Working data —
(* Let $\phi\colon\Sigma'\to\Sigma$ be a harmonic map of weighted metric graphs with boundary. Define $\phi^*f=f\circ\phi$ for $f\in\mathcal A^{0,0}(\Sigma,\partial\Sigma)$, $\phi^*(f_e\,d't_e)=(f_{\phi(e')}\circ\phi\;d_{e'}(\phi)\,d't_{e'})$, $\phi^*(f_e\,d''t_e)=(f_{\phi(e')}\circ\phi\;d_{e'}(\phi)\,d''t_{e'})$, and $\phi^*(f_e\,d't_ed''t_e)=(f_{\phi(e')}\circ\phi\;d_{e'}(\phi)^2\,d't_{e'}d''t_{e'})$, where the coefficient on $e'$ is taken to be $0$ if $\phi(e')$ is a vertex. Then $\phi^*$ maps $\mathcal A^{p,q}(\Sigma,\partial\Sigma)$ into $\mathcal A^{p,q}(\Sigma',\partial\Sigma')$ and is a homomorphism of bigraded differential algebras $\mathcal A^{\bullet,\bullet}(\Sigma,\partial\Sigma)\to\mathcal A^{\bullet,\bullet}(\Sigma',\partial\Sigma')$.
   Context: Weighted metric graph with boundary $(\Sigma,\partial\Sigma)$: finite multigraph without loop edges, oriented edges $e$ with length $\ell(e)>0$, parametrization $t_e\colon[0,\ell(e)]\to e$ ($t_e(0)=e^-$, $t_{\bar e}(x)=t_e(\ell(e)-x)$), weight $w(e)=w(\bar e)\in\mathbb Z_{>0}$, boundary $\partial\Sigma\subset V(\Sigma)$; subdivisions allowed. Pair smoothness at a valency-2 vertex $v$ with outgoing $e_1,e_2$: $(f_1,f_2)$ smooth at $v$ iff $w(e_1)^n\frac{d^nf_1}{dt_{e_1}^n}(v)=(-1)^nw(e_2)^n\frac{d^nf_2}{dt_{e_2}^n}(v)$ for all $n\ge0$. $\mathcal A^{0,0}$: continuous $f$, smooth on edges, at interior $v$: constant near $v$ (valency 1), $(f|_{e_1},f|_{e_2})$ smooth at $v$ (valency 2), $\sum_{e^-=v}w(e)\frac{df}{dt_e}(v)=0$ (valency $\ge3$). $\mathcal A^{1,0}$/$\mathcal A^{0,1}$: $(f_e\,d't_e)$/$(f_e\,d''t_e)$ with $f_{\bar e}=-f_e$, zero near interior valency-1 vertices, $(w(e_1)f_{e_1},-w(e_2)f_{e_2})$ smooth at interior valency-2 vertices, $\sum_{e^-=v}w(e)f_e(v)=0$ at interior valency $\ge3$. $\mathcal A^{1,1}$: $(f_e\,d't_ed''t_e)$, $f_{\bar e}=f_e$, zero near interior valency-1 vertices, $(w(e_1)^2f_{e_1},w(e_2)^2f_{e_2})$ smooth at interior valency-2 vertices. $d',d''$: $d'f=(\frac{df}{dt_e}d't_e)$, $d''f=(\frac{df}{dt_e}d''t_e)$, $d''(f_e\,d't_e)=(-\frac{df_e}{dt_e}d't_ed''t_e)$, $d'(f_e\,d''t_e)=(\frac{df_e}{dt_e}d't_ed''t_e)$; wedge product $(f_e\,d't_e)\wedge(g_e\,d''t_e)=(f_eg_e\,d't_ed''t_e)$, alternating. Piecewise linear map: continuous, after subdivision vertices→vertices, edges→edges homeomorphically or →vertices, boundary condition (if $\phi(v')\in\partial\Sigma$ and $\phi$ nonconstant near $v'$ then $v'\in\partial\Sigma'$), $\phi\circ t_{e'}(x)=t_e(d_{e'}(\phi)x)$ with $d_{e'}(\phi)=\ell(e)/\ell(e')$. Harmonic: at each $v'\notin\partial\Sigma'$, $\sum_{e'^-=v',e'\mapsto e}\frac{w(e')}{w(e)}d_{e'}(\phi)$ independent of edge $e$ at $\phi(v')$. *)

theory Defs
  imports "HOL-Analysis.Analysis"
begin

text \<open>A weighted metric graph with boundary, given combinatorially:
  vertices, oriented edges (the edge set is closed under reversal),
  the initial vertex e^- of an oriented edge, the reversal e -> e-bar,
  lengths, weights and the boundary vertex set.  A point t_e(x) of the edge e
  is described by the parameter x in [0, len e].\<close>

record ('v, 'e) wmgraph =
  verts :: "'v set"
  edges :: "'e set"
  src   :: "'e \<Rightarrow> 'v"
  rev   :: "'e \<Rightarrow> 'e"
  len   :: "'e \<Rightarrow> real"
  wt    :: "'e \<Rightarrow> nat"
  bdry  :: "'v set"

definition tgt :: "('v, 'e, 'z) wmgraph_scheme \<Rightarrow> 'e \<Rightarrow> 'v" where
  "tgt G e = src G (rev G e)"

definition is_wmgraph :: "('v, 'e, 'z) wmgraph_scheme \<Rightarrow> bool" where
  "is_wmgraph G \<longleftrightarrow>
     finite (verts G) \<and> finite (edges G) \<and> bdry G \<subseteq> verts G \<and>
     (\<forall>e\<in>edges G.
        src G e \<in> verts G \<and> rev G e \<in> edges G \<and> rev G (rev G e) = e \<and>
        rev G e \<noteq> e \<and> tgt G e \<noteq> src G e \<and>
        len G e > 0 \<and> len G (rev G e) = len G e \<and>
        wt G e > 0 \<and> wt G (rev G e) = wt G e)"

definition out_edges :: "('v, 'e, 'z) wmgraph_scheme \<Rightarrow> 'v \<Rightarrow> 'e set" where
  "out_edges G v = {e \<in> edges G. src G e = v}"

definition valency :: "('v, 'e, 'z) wmgraph_scheme \<Rightarrow> 'v \<Rightarrow> nat" where
  "valency G v = card (out_edges G v)"

definition interior_verts :: "('v, 'e, 'z) wmgraph_scheme \<Rightarrow> 'v set" where
  "interior_verts G = verts G - bdry G"

text \<open>Coefficient functions on an edge e are represented by functions
  real => real that are C-infinity on all of the real line; only their values
  on [0, len e] matter (a smooth function on a closed interval always admits
  a smooth extension).  Derivatives at e^- are derivatives at x = 0.\<close>

definition smooth_fun :: "(real \<Rightarrow> real) \<Rightarrow> bool" where
  "smooth_fun g \<longleftrightarrow> (\<forall>n x. (deriv ^^ n) g differentiable (at x))"

definition nderiv :: "nat \<Rightarrow> (real \<Rightarrow> real) \<Rightarrow> real \<Rightarrow> real" where
  "nderiv n g = (deriv ^^ n) g"

text \<open>Smoothness of a pair (f1, f2) at a valency-2 vertex with outgoing edges
  e1, e2 of weights w1, w2.\<close>

definition pair_smooth :: "nat \<Rightarrow> (real \<Rightarrow> real) \<Rightarrow> nat \<Rightarrow> (real \<Rightarrow> real) \<Rightarrow> bool" where
  "pair_smooth w1 f1 w2 f2 \<longleftrightarrow>
     (\<forall>n. real w1 ^ n * nderiv n f1 0 = (-1) ^ n * real w2 ^ n * nderiv n f2 0)"

definition zero_near :: "real \<Rightarrow> (real \<Rightarrow> real) \<Rightarrow> bool" where
  "zero_near l g \<longleftrightarrow> (\<exists>\<epsilon>>0. \<forall>x\<in>{0..min \<epsilon> l}. g x = 0)"

definition const_near :: "real \<Rightarrow> (real \<Rightarrow> real) \<Rightarrow> bool" where
  "const_near l g \<longleftrightarrow> (\<exists>\<epsilon>>0. \<forall>x\<in>{0..min \<epsilon> l}. g x = g 0)"

type_synonym 'e coeffs = "'e \<Rightarrow> real \<Rightarrow> real"

text \<open>A (0,0)-form is a function on the metric graph: values at vertices
  together with the functions f o t_e on the edges.\<close>

type_synonym ('v, 'e) form0 = "('v \<Rightarrow> real) \<times> 'e coeffs"

definition A00 :: "('v, 'e, 'z) wmgraph_scheme \<Rightarrow> ('v, 'e) form0 set" where
  "A00 G = {(fv, fe).
     (\<forall>e\<in>edges G. smooth_fun (fe e) \<and> fe e 0 = fv (src G e) \<and>
        (\<forall>x\<in>{0..len G e}. fe (rev G e) x = fe e (len G e - x))) \<and>
     (\<forall>v\<in>interior_verts G.
        (valency G v = 1 \<longrightarrow> (\<forall>e\<in>out_edges G v. const_near (len G e) (fe e))) \<and>
        (valency G v = 2 \<longrightarrow> (\<forall>e1\<in>out_edges G v. \<forall>e2\<in>out_edges G v. e1 \<noteq> e2 \<longrightarrow>
            pair_smooth (wt G e1) (fe e1) (wt G e2) (fe e2))) \<and>
        (valency G v \<ge> 3 \<longrightarrow> (\<Sum>e\<in>out_edges G v. real (wt G e) * deriv (fe e) 0) = 0))}"

text \<open>Forms of type (1,0), resp. (0,1), are given by their coefficient family
  (f_e) in (f_e d't_e), resp. (f_e d''t_e).\<close>

definition A1_coeffs :: "('v, 'e, 'z) wmgraph_scheme \<Rightarrow> 'e coeffs set" where
  "A1_coeffs G = {f.
     (\<forall>e\<in>edges G. smooth_fun (f e) \<and>
        (\<forall>x\<in>{0..len G e}. f (rev G e) x = - f e (len G e - x))) \<and>
     (\<forall>v\<in>interior_verts G.
        (valency G v = 1 \<longrightarrow> (\<forall>e\<in>out_edges G v. zero_near (len G e) (f e))) \<and>
        (valency G v = 2 \<longrightarrow> (\<forall>e1\<in>out_edges G v. \<forall>e2\<in>out_edges G v. e1 \<noteq> e2 \<longrightarrow>
            pair_smooth (wt G e1) (\<lambda>x. real (wt G e1) * f e1 x)
                        (wt G e2) (\<lambda>x. - real (wt G e2) * f e2 x))) \<and>
        (valency G v \<ge> 3 \<longrightarrow> (\<Sum>e\<in>out_edges G v. real (wt G e) * f e 0) = 0))}"

definition A10 :: "('v, 'e, 'z) wmgraph_scheme \<Rightarrow> 'e coeffs set" where
  "A10 G = A1_coeffs G"

definition A01 :: "('v, 'e, 'z) wmgraph_scheme \<Rightarrow> 'e coeffs set" where
  "A01 G = A1_coeffs G"

text \<open>Forms of type (1,1): coefficient family (f_e) in (f_e d't_e d''t_e).\<close>

definition A11 :: "('v, 'e, 'z) wmgraph_scheme \<Rightarrow> 'e coeffs set" where
  "A11 G = {f.
     (\<forall>e\<in>edges G. smooth_fun (f e) \<and>
        (\<forall>x\<in>{0..len G e}. f (rev G e) x = f e (len G e - x))) \<and>
     (\<forall>v\<in>interior_verts G.
        (valency G v = 1 \<longrightarrow> (\<forall>e\<in>out_edges G v. zero_near (len G e) (f e))) \<and>
        (valency G v = 2 \<longrightarrow> (\<forall>e1\<in>out_edges G v. \<forall>e2\<in>out_edges G v. e1 \<noteq> e2 \<longrightarrow>
            pair_smooth (wt G e1) (\<lambda>x. real (wt G e1) ^ 2 * f e1 x)
                        (wt G e2) (\<lambda>x. real (wt G e2) ^ 2 * f e2 x))))}"
(* Let $q$ be an odd prime power, $p$ its characteristic, $d\ge2$ an integer and $t\in\mathbb{F}_q^{\times}$. Let $\omega$ be a generator of the group of multiplicative characters of $\mathbb{F}_q^{\times}$, $\phi$ the unique character of order $2$, $\zeta_p$ a primitive $p$-th root of unity, and for a character $\chi$ let $g_q(\chi)=\sum_{x\in\mathbb{F}_q^{\times}}\chi(x)\zeta_p^{\mathrm{tr}(x)}$, where $\mathrm{tr}:\mathbb{F}_q\to\mathbb{F}_p$ is the trace. Define $$H_q(t)=\frac{(-1)^d}{1-q}\sum_{m=0}^{q-2}\left(\frac{g_q(\phi\omega^m)\,g_q(\omega^{-m})}{g_q(\phi)}\right)^d\omega\big((-1)^dt\big)^m.$$ Then the number of points $(x_1,\dots,x_d)\in(\mathbb{F}_q^{\times})^d$ on the hypersurface $$X_t:\ \prod_{i=1}^d\left(x_i+2+x_i^{-1}\right)=4^d t^{-1}$$ equals $$\frac{(q-2)^d-(-1)^d}{q-1}-(-1)^dH_q(t).$$ *)

theory Defs
  imports Complex_Main "HOL-Library.Cardinality"
begin

text \<open>Multiplicative characters of the unit group of a finite field 'a, viewed as
  functions 'a to complex (values at 0 are irrelevant and never used).\<close>
definition mult_char :: "('a::{finite,field} \<Rightarrow> complex) \<Rightarrow> bool" where
  "mult_char \<chi> \<longleftrightarrow> \<chi> 1 = 1 \<and> (\<forall>x y. x \<noteq> 0 \<longrightarrow> y \<noteq> 0 \<longrightarrow> \<chi> (x * y) = \<chi> x * \<chi> y)"

definition char_generator :: "('a::{finite,field} \<Rightarrow> complex) \<Rightarrow> bool" where
  "char_generator \<omega> \<longleftrightarrow> mult_char \<omega> \<and>
     (\<forall>\<chi>. mult_char \<chi> \<longrightarrow> (\<exists>m::nat. \<forall>x. x \<noteq> (0::'a) \<longrightarrow> \<chi> x = \<omega> x ^ m))"

definition quad_char :: "('a::{finite,field} \<Rightarrow> complex) \<Rightarrow> bool" where
  "quad_char \<phi> \<longleftrightarrow> mult_char \<phi> \<and> (\<exists>x. x \<noteq> (0::'a) \<and> \<phi> x \<noteq> 1) \<and>
     (\<forall>x. x \<noteq> (0::'a) \<longrightarrow> \<phi> x ^ 2 = 1)"

definition field_degree :: "'a::{finite,field} itself \<Rightarrow> nat" where
  "field_degree (x::'a itself) = (THE n. CARD('a) = CHAR('a) ^ n)"

text \<open>Absolute trace F_q to F_p (its values lie in the prime subfield of 'a).\<close>
definition ftrace :: "'a::{finite,field} \<Rightarrow> 'a" where
  "ftrace x = (\<Sum>i<field_degree TYPE('a). x ^ (CHAR('a) ^ i))"

text \<open>zeta_p ^ tr(x): the exponent is the residue k < p with of_nat k = tr x.\<close>
definition addchar :: "complex \<Rightarrow> 'a::{finite,field} \<Rightarrow> complex" where
  "addchar \<zeta> x = \<zeta> ^ (THE k. k < CHAR('a) \<and> of_nat k = ftrace x)"

definition gauss_sum :: "complex \<Rightarrow> ('a::{finite,field} \<Rightarrow> complex) \<Rightarrow> complex" where
  "gauss_sum \<zeta> \<chi> = (\<Sum>x\<in>UNIV - {0::'a}. \<chi> x * addchar \<zeta> x)"

definition H_q :: "complex \<Rightarrow> ('a::{finite,field} \<Rightarrow> complex) \<Rightarrow> ('a \<Rightarrow> complex) \<Rightarrow> nat \<Rightarrow> 'a \<Rightarrow> complex" where
  "H_q \<zeta> \<omega> \<phi> d t =
     (-1) ^ d / (1 - of_nat CARD('a)) *
     (\<Sum>m<CARD('a) - 1.
        (gauss_sum \<zeta> (\<lambda>x. \<phi> x * \<omega> x ^ m) * gauss_sum \<zeta> (\<lambda>x. inverse (\<omega> x) ^ m)
           / gauss_sum \<zeta> \<phi>) ^ d
        * \<omega> ((-1) ^ d * t) ^ m)"

end

theory Submission
  imports Defs "HOL-Algebra.Algebraic_Closure_Type" "HOL-Library.Real_Mod" "HOL-Number_Theory.Residues"
begin

text \<open>
  Write \<open>f(x) = x + 2 + x\<^sup>-\<^sup>1\<close>, \<open>q = CARD('a)\<close> and let \<open>\<omega>\<close> be extended by \<open>\<omega>(0) = 0\<close>.
  Orthogonality of the characters \<open>\<omega>\<^sup>m\<close> expresses the number of tuples with
  \<open>\<Prod> f(x\<^sub>i) = c\<close> as \<open>(q - 1)\<^sup>-\<^sup>1 \<Sum>\<^sub>m \<omega>(c)\<^sup>-\<^sup>m T\<^sub>m\<^sup>d\<close> with \<open>T\<^sub>m = \<Sum>\<^sub>x \<omega>\<^sup>m(f(x))\<close>.
  Since \<open>f(x) = y\<close> is a quadratic equation in \<open>x\<close> with discriminant \<open>y (y - 4)\<close>,
  \<open>T\<^sub>m = [q - 1 | m] (q - 1) + \<Sum>\<^sub>y \<omega>\<^sup>m(y) \<phi>(y (y - 4))\<close>, and the substitution
  \<open>y = 4 + 4 / (a - 1)\<close> turns the last sum into \<open>\<omega>\<^sup>m(-4) J(\<phi>\<omega>\<^sup>m, \<omega>\<^sup>-\<^sup>m)\<close>.
  As \<open>\<phi>\<omega>\<^sup>m \<omega>\<^sup>-\<^sup>m = \<phi>\<close> is nontrivial, this Jacobi sum equals
  \<open>g(\<phi>\<omega>\<^sup>m) g(\<omega>\<^sup>-\<^sup>m) / g(\<phi>)\<close>, which gives \<open>H\<^sub>q(t)\<close>; the terms \<open>m = 0\<close> and
  \<open>m = q - 1\<close>, where \<open>J = -1\<close>, produce the main term \<open>((q - 2)\<^sup>d - (-1)\<^sup>d) / (q - 1)\<close>.
\<close>

section \<open>Finite fields\<close>

lemma prime_CHAR_finite_field: "prime CHAR('a::{finite,field})"
  using prime_CHAR_semidom finite_imp_CHAR_pos[OF finite_class.finite_UNIV] by blast

lemma two_le_card_finite_field: "2 \<le> CARD('a::{finite,field})"
  using card_mono[of "UNIV :: 'a set" "{0, 1}"] by simp

lemma two_neq_zero_if_odd_CARD:
  assumes "odd CARD('a::{finite,field})"
  shows "(2::'a) \<noteq> 0"
proof
  assume "(2::'a) = 0"
  then have "CHAR('a) dvd 2"
    by (metis of_nat_eq_0_iff_char_dvd of_nat_numeral)
  then have "CHAR('a) = 2"
    using primes_dvd_imp_eq[OF prime_CHAR_finite_field[where 'a='a] two_is_prime_nat] by simp
  then show False
    using assms CHAR_dvd_CARD[where 'a='a] by simp
qed

lemma power_eq_if_cong:
  fixes x :: "'a::monoid_mult"
  assumes "x ^ n = 1" "[a = b] (mod n)"
  shows "x ^ a = x ^ b"
proof -
  have "x ^ k = x ^ (k mod n)" for k
    by (metis assms(1) mult_div_mod_eq power_add power_mult power_one mult_1)
  then show ?thesis
    using assms(2) unfolding cong_def by metis
qed

lemma power_eq_power_iff_cong:
  fixes x :: "'a::idom"
  assumes order: "\<And>k. x ^ k = 1 \<longleftrightarrow> n dvd k" and "n > 0"
  shows "x ^ a = x ^ b \<longleftrightarrow> [a = b] (mod n)"
proof
  show "[a = b] (mod n) \<Longrightarrow> x ^ a = x ^ b"
    using order by (intro power_eq_if_cong) auto
next
  have "x \<noteq> 0"
    using order[of n] \<open>n > 0\<close> by (auto simp: power_0_left)
  have "[a = b] (mod n)" if "x ^ a = x ^ b" "a \<le> b" for a b
  proof -
    have "x ^ a * x ^ (b - a) = x ^ b"
      using that(2) by (simp flip: power_add)
    then have "x ^ a * x ^ (b - a) = x ^ a * 1"
      using that(1) by simp
    then have "n dvd b - a"
      using \<open>x \<noteq> 0\<close> order by simp
    then show ?thesis
      using that(2) cong_altdef_nat[of a b n] by (simp add: cong_sym_eq)
  qed
  then show "x ^ a = x ^ b \<Longrightarrow> [a = b] (mod n)"
    by (metis cong_sym nat_le_linear)
qed

lemma finite_field_cyclic:
  obtains g :: "'a::{finite,field}"
  where "g \<noteq> 0" and "\<And>x. x \<noteq> 0 \<Longrightarrow> \<exists>i. x = g ^ i"
    and "\<And>n. g ^ n = 1 \<longleftrightarrow> CARD('a) - 1 dvd n"
proof -
  let ?R = "ring_of_type_algebra :: 'a ring"
  let ?G = "Multiplicative_Group.mult_of ?R"
  have group: "group ?G"
    using field.field_mult_group[OF field_from_type_algebra] .
  have carrier: "carrier ?G = UNIV - {0}"
    by (simp add: ring_of_type_algebra_def)
  have pow: "x [^]\<^bsub>?G\<^esub> n = x ^ n" "x [^]\<^bsub>?R\<^esub> n = x ^ n" for x :: 'a and n :: nat
    by (induction n) (simp_all add: ring_of_type_algebra_def)
  have "\<exists>g \<in> carrier ?G. carrier ?G = {g [^]\<^bsub>?R\<^esub> i | i::nat. i \<in> UNIV}"
    by (rule field.finite_field_mult_group_has_gen[OF field_from_type_algebra])
       (simp add: ring_of_type_algebra_def)
  then obtain g where g: "g \<in> carrier ?G"
    and gen: "carrier ?G = {g [^]\<^bsub>?G\<^esub> i | i::nat. i \<in> UNIV}"
    by (auto simp only: pow)
  have "group.ord ?G g = card (carrier ?G)"
    using group.generate_pow_card[OF group g] group.generate_pow_on_finite_carrier[OF group _ g] gen
    by (simp add: carrier)
  then have ord: "group.ord ?G g = CARD('a) - 1"
    by (simp add: ring_of_type_algebra_def card_Diff_singleton)
  show thesis
  proof
    show "g \<noteq> 0"
      using g unfolding carrier by simp
    show "\<exists>i. x = g ^ i" if "x \<noteq> 0" for x
      using that gen unfolding carrier pow by auto
    show "g ^ n = 1 \<longleftrightarrow> CARD('a) - 1 dvd n" for n
      using group.pow_eq_id[OF group g, of n] unfolding pow ord
      by (simp add: ring_of_type_algebra_def)
  qed
qed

Assignment —
Within the listing above, copy each line that has the string "assms".

Output of the task —
    using assms CHAR_dvd_CARD[where 'a='a] by simp
    by (metis assms(1) mult_div_mod_eq power_add power_mult power_one mult_1)
    using assms(2) unfolding cong_def by metis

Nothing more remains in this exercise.